Two of us are entrepreneurs and we know that without a solid intro, our chances of getting a meeting with a top VC are very little. As we are versed in the topic, we learned that a lot of VCs are bombarded with email and they have very little time to be able to meet with all and spend time (Fred Wilson archived 1625 unread emails on new year's eve). As a young entrepreneur getting started, your chances of being introduced to a top tier VC are very little, and that means that VCs might miss out the next unicorn.
A smart form that startups would fill instead of bombarding VCs with unanswered emails.
The barriers to entry keep getting lower and lower. The ability for someone to create almost anything they want has become democratized. With the rise of funding demand, VCs have to develop a new way that allows them to filter and analyze companies. The opportunity lies in evaluating startups based on their responses and framework, giving a chance for the largest number of startups to be heard. From the VC side, the opportunity lies in cleaning out their email and increasing the number of startups looked at which minimizes the risk of letting the next unicorn slip under their shoulder.
What it does
The form asks companies general questions. It can categorize startups and compare them in a clear way for the VC to look at and decide on who to respond to. A query is available for the investor side where, when a company name is typed, it automatically analyzes the list of currently registered companies using NLP similarities and analyzes potential competitors and differences between the two companies.
How we built it
The backend is composed of a server that can take in and process the information that a company puts into the web app. Additionally, it uses information extraction and entity recognition to identify and deduct key aspects about the startup dynamically. We also used web scraped Bloomberg articles with a Quora question dataset to build a recent corporate and appropriate training set. In the backend, we use a deep neural network architecture composing of two LSTM units for word semantic embedding for the two documents linked to a series of dense layers terminated with a single unit softmax output for sentence similarity.
Challenges we ran into
The very first challenge we ran into was finding the data about early-stage companies. We looked at some YC applicants alongside some financial information from Crunchbase in order to be able to create a few companies' portfolio. The second challenge was the competitive analysis. We could analyze quantitative data and make a use of it. Last but not least, doing the semantic questions analysis to be able to ask specific questions was a hard task. The architecture and data to train on were not very obvious.

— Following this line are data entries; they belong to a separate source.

(* Let $\gamma>0$ and let $R_W$ be any matrix with $W=R_W^\top R_W$. Suppose $\mu\in\mathbb{R}_+$, $P\in\mathbb{S}^{n_x}_{\succ0}$, $\tilde Z\in\mathbb{S}^{n_y}_{\succ0}$, $G\in\mathbb{R}^{n_x\times n_y}$, $Y\in\mathbb{R}^{n_y\times n_a}$ satisfy $$\begin{bmatrix}P & PA-GC & PB_\omega-GD_\omega\\ * & P & 0\\ * & * & I\end{bmatrix}\succ0,\qquad \begin{bmatrix}\tilde Z & \tilde ZC & \tilde ZD_\omega\\ * & P & 0\\ * & 0 & I\end{bmatrix}\succ0,$$ $$\begin{bmatrix}\begin{bmatrix}Y^\top D_a+D_a^\top Y & D_a^\top R_W^\top\\ R_WD_a & 2\mu I\end{bmatrix} & \begin{bmatrix}\Gamma_1 & 0\\ 0 & \mu I\end{bmatrix}\\ * & \begin{bmatrix}\Gamma_2 & 0\\ 0 & \mu I\end{bmatrix}\end{bmatrix}\succeq0,$$ where $\Gamma_1=\begin{bmatrix}Y^\top C & D_a^\top G^\top & Y^\top D_\omega\end{bmatrix}$ and $\Gamma_2=\mathrm{diag}\big((2+1/\gamma)^{-1}P,\ \tfrac1\gamma P,\ \tfrac12 I\big)$. Then with $L=P^{-1}G$ and $\lambda=1/\mu$, we have $\rho(A-LC)<1$ and $$\tfrac12D_a^\top(I-CL)^\top\Sigma_{r_\omega}^{-1}(L)(I-CL)D_a-\lambda D_a^\top WD_a\succeq0.$$ Hence minimizing $\mu$ subject to these LMIs yields an approximation (a feasible point with $\lambda=1/\mu$) of the one-step design problem $\max_{L,\lambda\in\mathbb{R}_+}\{\lambda:\ \tfrac12D_a^\top(I-CL)^\top\Sigma_{r_\omega}^{-1}(L)(I-CL)D_a-\lambda D_a^\top WD_a\succeq0,\ \rho(A-LC)<1\}$.
   Context: System: $x(k+1)=Ax(k)+Bu(k)+B_\omega\omega(k)$, $y(k)=Cx(k)+D_\omega\omega(k)+y_a(k)$, $x\in\mathbb{R}^{n_x}$, $y\in\mathbb{R}^{n_y}$, $\omega(k)\sim\mathcal N(0,I_{n_\omega})$ i.i.d., $(A,C)$ detectable, $(A,B_\omega)$ stabilizable; observer $\hat x(k+1)=A\hat x+Bu+L(y-C\hat x)$ with residual $r=y-C\hat x$. Bias injection attack $y_a(k)=D_a\bar a$ for $k\ge0$ (zero before), with $D_a\in\mathbb{R}^{n_y\times n_a}$ having entries $(j_i,i)=1$ for compromised sensor indices $j_1<\dots<j_{n_a}$ and zeros elsewhere; $W\in\mathbb{R}^{n_y\times n_y}$ symmetric positive semidefinite. $\rho$ is spectral radius, $\mathbb{R}_+$ the positive reals, $\mathbb{S}^n_{\succ0}$ the symmetric positive definite $n\times n$ matrices, $*$ denotes blocks determined by symmetry. For stabilizing $L$, $\Sigma_{\tilde x}(L)$ solves $\Sigma=(A-LC)\Sigma(A-LC)^\top+(B_\omega-LD_\omega)(B_\omega-LD_\omega)^\top$ and $\Sigma_{r_\omega}(L)=C\Sigma_{\tilde x}(L)C^\top+D_\omega D_\omega^\top$ (assumed invertible). *)

theory Defs
  imports "Jordan_Normal_Form.Spectral_Radius" "Jordan_Normal_Form.Gauss_Jordan_Elimination"
begin

definition psd_mat :: "nat \<Rightarrow> real mat \<Rightarrow> bool" where
  "psd_mat n M \<longleftrightarrow> M \<in> carrier_mat n n \<and> transpose_mat M = M \<and>
     (\<forall>v \<in> carrier_vec n. 0 \<le> v \<bullet> (M *\<^sub>v v))"

definition pd_mat :: "nat \<Rightarrow> real mat \<Rightarrow> bool" where
  "pd_mat n M \<longleftrightarrow> M \<in> carrier_mat n n \<and> transpose_mat M = M \<and>
     (\<forall>v \<in> carrier_vec n. v \<noteq> 0\<^sub>v n \<longrightarrow> 0 < v \<bullet> (M *\<^sub>v v))"

definition rho :: "real mat \<Rightarrow> real" where
  "rho M = spectral_radius (map_mat complex_of_real M)"

definition hcat :: "real mat \<Rightarrow> real mat \<Rightarrow> real mat" where
  "hcat X Z = mat (dim_row X) (dim_col X + dim_col Z)
     (\<lambda>(i,j). if j < dim_col X then X $$ (i,j) else Z $$ (i, j - dim_col X))"

definition vcat :: "real mat \<Rightarrow> real mat \<Rightarrow> real mat" where
  "vcat X Z = mat (dim_row X + dim_row Z) (dim_col X)
     (\<lambda>(i,j). if i < dim_row X then X $$ (i,j) else Z $$ (i - dim_row X, j))"

(* symmetric 3x3 block matrix [M11 M12 M13; * M22 M23; * * M33] *)
definition sym3 :: "real mat \<Rightarrow> real mat \<Rightarrow> real mat \<Rightarrow> real mat \<Rightarrow> real mat \<Rightarrow> real mat \<Rightarrow> real mat" where
  "sym3 M11 M12 M13 M22 M23 M33 =
     four_block_mat (four_block_mat M11 M12 (transpose_mat M12) M22)
                    (vcat M13 M23)
                    (hcat (transpose_mat M13) (transpose_mat M23)) M33"

definition bdiag :: "real mat \<Rightarrow> real mat \<Rightarrow> real mat" where
  "bdiag X Z = four_block_mat X (0\<^sub>m (dim_row X) (dim_col Z)) (0\<^sub>m (dim_row Z) (dim_col X)) Z"

definition detectable :: "nat \<Rightarrow> nat \<Rightarrow> real mat \<Rightarrow> real mat \<Rightarrow> bool" where
  "detectable nx ny A C \<longleftrightarrow> (\<exists>L \<in> carrier_mat nx ny. rho (A - L * C) < 1)"

definition stabilizable :: "nat \<Rightarrow> nat \<Rightarrow> real mat \<Rightarrow> real mat \<Rightarrow> bool" where
  "stabilizable nx nw A B \<longleftrightarrow> (\<exists>K \<in> carrier_mat nw nx. rho (A - B * K) < 1)"

(* Sigma_xtilde(L): the solution of the Lyapunov equation (unique for stabilizing L) *)
definition Sigma_xt :: "nat \<Rightarrow> real mat \<Rightarrow> real mat \<Rightarrow> real mat \<Rightarrow> real mat \<Rightarrow> real mat \<Rightarrow> real mat" where
  "Sigma_xt nx A C Bw Dw L = (THE S. S \<in> carrier_mat nx nx \<and>
     S = (A - L * C) * S * transpose_mat (A - L * C)
         + (Bw - L * Dw) * transpose_mat (Bw - L * Dw))"

definition Sigma_rw :: "nat \<Rightarrow> real mat \<Rightarrow> real mat \<Rightarrow> real mat \<Rightarrow> real mat \<Rightarrow> real mat \<Rightarrow> real mat" where
  "Sigma_rw nx A C Bw Dw L =
     C * Sigma_xt nx A C Bw Dw L * transpose_mat C + Dw * transpose_mat Dw"

(* attack matrix D_a selecting compromised sensors j 0 < ... < j (na-1) *)
definition attack_mat :: "nat \<Rightarrow> nat \<Rightarrow> (nat \<Rightarrow> nat) \<Rightarrow> real mat" where
  "attack_mat ny na j = mat ny na (\<lambda>(r,c). if r = j c then 1 else 0)"

end

(*
  With L = P^-1 G the first LMI is the Schur complement form of
  [F H]^T P [F H] < diag(P, I) for the error dynamics F = A - L C, H = B_w - L D_w.
  Its w = 0 part makes x^T P x a strict Lyapunov function for F, so rho(F) < 1.
  Dually, P^-1 dominates one step of the Lyapunov recursion S |-> F S F^T + H H^T, hence
  the stationary error covariance, the convergent series sum_k F^k H H^T (F^k)^T, is
  bounded by P^-1, and Sigma_rw(L) <= C P^-1 C^T + D_w D_w^T.  Evaluating the third LMI at
  the minimiser of its block diagonal part yields a scalar inequality; together with
  completing the square for Sigma_rw(L)^-1 and Young's inequality for the cross term
  it gives (1/2) |T x|^2_{Sigma_rw^-1} >= (1/mu) |R_W D_a x|^2 with T = (I - C L) D_a.
  The second LMI, detectability, stabilizability and the hypotheses on the sensor indices j
  are not needed: Sigma_rw(L) is bounded directly through P^-1 rather than through Zt.
*)
theory Submission
  imports Defs
begin

section \<open>Block matrices\<close>

lemma vcat_carrier_mat[simp]:
  "X \<in> carrier_mat r1 c \<Longrightarrow> Z \<in> carrier_mat r2 c \<Longrightarrow> vcat X Z \<in> carrier_mat (r1 + r2) c"
  unfolding vcat_def by auto

lemma hcat_carrier_mat[simp]:
  "X \<in> carrier_mat r c1 \<Longrightarrow> Z \<in> carrier_mat r c2 \<Longrightarrow> hcat X Z \<in> carrier_mat r (c1 + c2)"
  unfolding hcat_def by auto

lemma bdiag_carrier_mat[simp]:
  "X \<in> carrier_mat r1 c1 \<Longrightarrow> Z \<in> carrier_mat r2 c2 \<Longrightarrow> bdiag X Z \<in> carrier_mat (r1 + r2) (c1 + c2)"
  unfolding bdiag_def by auto

lemma zero_mat_mult_vec[simp]: "v \<in> carrier_vec m \<Longrightarrow> 0\<^sub>m n m *\<^sub>v v = 0\<^sub>v n"
  by (intro eq_vecI) auto

lemma vcat_mult_vec:
  assumes "X \<in> carrier_mat r1 c" "Z \<in> carrier_mat r2 c" "w \<in> carrier_vec c"
  shows "vcat X Z *\<^sub>v w = (X *\<^sub>v w) @\<^sub>v (Z *\<^sub>v w)"
proof (rule eq_vecI)
  fix i assume "i < dim_vec ((X *\<^sub>v w) @\<^sub>v (Z *\<^sub>v w))"
  with assms have i: "i < r1 + r2" by auto
  have "row (vcat X Z) i = (if i < r1 then row X i else row Z (i - r1))"
    using assms i by (intro eq_vecI) (auto simp: vcat_def)
  with assms i show "(vcat X Z *\<^sub>v w) $ i = ((X *\<^sub>v w) @\<^sub>v (Z *\<^sub>v w)) $ i"
    by (subst index_mult_mat_vec) (auto simp: vcat_def)
qed (use assms in \<open>auto simp: vcat_def\<close>)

Accomplishments that we are proud of
We are very proud to have a beta version working full-on. We also have a cool UI.
What we learned
We learned how hard it is to actually be able to get the platform smart enough to ask targeted questions and to train the model.
What's next for Loopbox
We would love to enhance our post-processing algorithms to make sure we are making the most out of the data we have. That being said, it would be great to put the form in the hands of early-adopters and start getting real feedback about the UX. Ideally, the form learns to ask targetted questions.